Судя же по поведению французского императора, тот об нависшей над его правым флангом угрозе еще тоже не знал.
— Если император Александр не согласится на переговоры, мне придется продолжить движение вперед и занять Москву. Там я перезимую, а в следующем году, подтяну резервы… — видимо, услышав в моем голосе хорошо отыгранную слабость, Бонапарт решил немного поддавить. — И тогда возможные условия мирного договора будут совсем другими.
— Мне понадобится несколько дней… Чтобы более точно прояснить позицию моего брата, — осторожно сказал я, стараясь не давать пока никаких обещаний, но при этом выиграть у Наполеона несколько лишних дней. Дней через десять-двенадцать по моим прикидкам должны были ударить морозы, и вот тогда посмотрим, кто как заговорит.
— У вас есть два дня, — оборвал мой поток мысли Бонапарт. — После этого война продолжится. Я разобью остаток вашей армии и возьму Москву. Но вы должны помнить, что я открыт для переговоров в любой момент.
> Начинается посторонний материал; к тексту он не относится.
lemma path_kernel_psum_less: "l \<le> n \<Longrightarrow> path_kernel_psum w l < path_kernel_psum w (Suc n)"
proof -
  assume "l \<le> n"
  then have "path_kernel_psum w l \<le> path_kernel_psum w n" by (rule path_kernel_psum_mono)
  moreover have "0 < path_kernel_coeff w n ^ 2" using path_kernel_coeff_nonzero[of n] by simp
  moreover have "path_kernel_psum w (Suc n) = path_kernel_psum w n + path_kernel_coeff w n ^ 2"
    by (simp add: path_kernel_psum_def)
  ultimately show ?thesis by linarith
qed

(* k \<mapsto> centered_step l k is the indicator of {..<l} minus its mean with respect to the weights
  (path_kernel_coeff w k)^2; this centring makes the columns of the group inverse orthogonal to the
  kernel. *)
definition centered_step :: "nat \<Rightarrow> nat \<Rightarrow> real" where
  "centered_step l k = (if k < l then 1 else 0) - path_kernel_psum w l / path_kernel_psum w (Suc n)"

lemma centered_step_0: "centered_step 0 k = 0"
  by (simp add: centered_step_def path_kernel_psum_def)

lemma centered_step_last: "k \<le> n \<Longrightarrow> centered_step (Suc n) k = 0"
  using path_kernel_psum_pos[of "Suc n" w] by (simp add: centered_step_def)
(* Let $\mathcal H$ be a real Hilbert space, $t_0>0$, and let $f:\mathcal H\to\mathbb R$ be a $\mathcal C^1$ function which is $\mu$-strongly convex for some $\mu>0$, whose gradient is $L$-Lipschitz continuous, and let $x^\star$ be its unique minimizer. Let $e:[t_0,+\infty[\to\mathcal H$ and let $x:[t_0,+\infty[\to\mathcal H$ be a solution trajectory of $$\ddot x(t)+2\sqrt\mu\,\dot x(t)+\nabla f\big(x(t)+\beta\dot x(t)\big)+e(t)=0.$$ Define $\mathcal E(t)=f(x(t)+\beta\dot x(t))-\min_{\mathcal H}f+\frac12\|\sqrt\mu(x(t)-x^\star)+\dot x(t)\|^2$. Suppose (a) $0\le\beta\le\frac1{2\sqrt\mu}$ and (b) $\int_{t_0}^{+\infty}\|e(t)\|dt<+\infty$. Then: (i) for all $t\ge t_0$, $$\mathcal E(t)\le\mathcal E(t_0)e^{-\frac{\sqrt\mu}2(t-t_0)}+Me^{-\frac{\sqrt\mu}2t}\int_{t_0}^te^{\frac{\sqrt\mu}2\tau}\|e(\tau)\|d\tau,$$ where $M:=\sqrt{\mathcal E(t_0)/c}+\frac1{2c}\int_{t_0}^{+\infty}\|e(\tau)\|d\tau$ with $c=\frac{\min\{\mu,1\}}{4\max\{\beta^2L^2,1\}}$; consequently $\lim_{t\to+\infty}\mathcal E(t)=0$, $\lim_{t\to+\infty}f(x(t))=\min_{\mathcal H}f$, and $\lim_{t\to+\infty}\|x(t)-x^\star\|=\lim_{t\to+\infty}\|\nabla f(x(t))\|=\lim_{t\to+\infty}\|\dot x(t)\|=0$; (ii) if moreover $\|e(t)\|=\mathcal O(1/t^p)$ as $t\to+\infty$ for some $p>0$, then $\mathcal E(t)=\mathcal O(1/t^p)$, and as $t\to+\infty$: $f(x(t))-\min_{\mathcal H}f=\mathcal O(1/t^p)$, $\|x(t)-x^\star\|^2=\mathcal O(1/t^p)$, $\|\dot x(t)\|^2=\mathcal O(1/t^p)$, $\|\nabla f(x(t))\|^2=\mathcal O(1/t^p)$.
   Context: $f$ is $\mu$-strongly convex if $f-\frac\mu2\|\cdot\|^2$ is convex. *)

theory Defs
  imports "HOL-Analysis.Analysis" "HOL-Library.Landau_Symbols"
begin

definition strongly_convex :: "real \<Rightarrow> ('a::real_inner \<Rightarrow> real) \<Rightarrow> bool" where
  "strongly_convex \<mu> f \<longleftrightarrow> convex_on UNIV (\<lambda>x. f x - \<mu> / 2 * (norm x)\<^sup>2)"

end

theory Submission
  imports Defs "HOL-Real_Asymp.Real_Asymp"
begin

(*
  Along the trajectory, with y = x + \<beta> x' and v = \<surd>\<mu> (x - x\<^sup>\<star>) + x', strong convexity and
  \<beta> \<surd>\<mu> \<le> 1/2 give the dissipation inequality E' + (\<surd>\<mu>/2) E \<le> - <v + \<beta> \<nabla>f(y), e>.
  The Lipschitz gradient gives c |v + \<beta> \<nabla>f(y)|^2 \<le> E, hence
  E' \<le> - (\<surd>\<mu>/2) E + \<surd>(E/c) |e|.  Dropping the decay term and integrating
  d/dt \<surd>E \<le> |e| / (2 \<surd>c) shows \<surd>(E/c) \<le> M for all times, so E' \<le> - (\<surd>\<mu>/2) E + M |e|,
  and the integrating factor exp (\<surd>\<mu> t / 2) gives the bound (i).  The same linear
  differential inequality yields E \<rightarrow> 0 (tails of the integrable |e| are small) and
  E = O(t^-p) (comparison with K t^-p).  Quadratic growth and the Lipschitz gradient
  bound f(x) - min f, |x - x\<^sup>\<star>|^2, |x'|^2 and |\<nabla>f(x)|^2 by multiples of E.
*)

section \<open>Strong convexity\<close>

lemma strongly_convex_gradient_ineq:
  fixes f :: "'a::real_inner \<Rightarrow> real"
  assumes grad: "\<And>y. (f has_derivative (\<lambda>h. inner (gf y) h)) (at y)"
    and sconv: "strongly_convex \<mu> f"
  shows "f p + inner (gf p) (u - p) + \<mu>/2 * (norm (u - p))\<^sup>2 \<le> f u"
proof -
  define h where "h x = f x - \<mu>/2 * inner x x" for x
  define d where "d = u - p"
  define \<phi> where "\<phi> t = h (p + t *\<^sub>R d)" for t :: real
  have "(\<phi> has_real_derivative inner (gf p) d - \<mu> * inner p d) (at 0)"
  proof -
    have "((\<lambda>t. p + t *\<^sub>R d) has_derivative (\<lambda>t. t *\<^sub>R d)) (at 0)"
      by (auto intro!: derivative_eq_intros)
    from has_derivative_compose[OF this, of h "\<lambda>k. inner (gf p) k - \<mu>/2 * (inner p k + inner k p)"]
    show ?thesis
      unfolding has_field_derivative_def \<phi>_def h_def
      by (rule has_derivative_eq_rhs)
        (auto intro!: derivative_eq_intros grad simp: fun_eq_iff algebra_simps inner_commute)
  qed
  moreover have "convex_on UNIV \<phi>"
  proof (rule convex_onI[OF _ convex_UNIV])
    fix t a b :: real
    assume "0 < t" "t < 1"
    have "convex_on UNIV h"
      using sconv by (simp add: strongly_convex_def h_def[abs_def] power2_norm_eq_inner)
    moreover have "p + ((1 - t) * a + t * b) *\<^sub>R d = (1 - t) *\<^sub>R (p + a *\<^sub>R d) + t *\<^sub>R (p + b *\<^sub>R d)"
      by (simp add: algebra_simps)
    ultimately show "\<phi> ((1 - t) *\<^sub>R a + t *\<^sub>R b) \<le> (1 - t) * \<phi> a + t * \<phi> b"
      using convex_onD[of UNIV h t "p + a *\<^sub>R d" "p + b *\<^sub>R d"] \<open>0 < t\<close> \<open>t < 1\<close>
      by (simp add: \<phi>_def)
  qed
  ultimately have "inner (gf p) d - \<mu> * inner p d \<le> \<phi> 1 - \<phi> 0"
    using convex_on_imp_above_tangent[of UNIV \<phi> 0 1] by simp
  moreover have "\<phi> 1 - \<phi> 0 = f u - \<mu>/2 * inner u u - (f p - \<mu>/2 * inner p p)"
    by (simp add: \<phi>_def h_def d_def)
  moreover have "inner u u = inner p p + 2 * inner p d + inner d d"
    by (simp add: d_def algebra_simps inner_commute)
  ultimately show ?thesis
    unfolding d_def[symmetric] power2_norm_eq_inner by (simp add: algebra_simps)
qed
— Я доведу до императора ваши предложения, — кивнул я, поднимаясь. — Всего хорошего, ваше императорское величество.
Следующие два дня были заполнены достаточно унылыми хлопотами. Огромное количество трупов, которых никто даже не пытался хоронить, поскольку гораздо важнее было помочь тем раненым, которых еще можно было спасти.
Целые поезда из телег, повозок и всего, что было под рукой, доверху заполненные раненными и увечными солдатами потянулись на восток. Тут впервые я моей подачи была применена практика сортировки раненых: как бы это не было жестоко, спасали мы только тех, кто имел больше шансов на выживание. Остальных оставляли ждать прихода своей участи, лишь по возможности стараясь облегчить их страдания.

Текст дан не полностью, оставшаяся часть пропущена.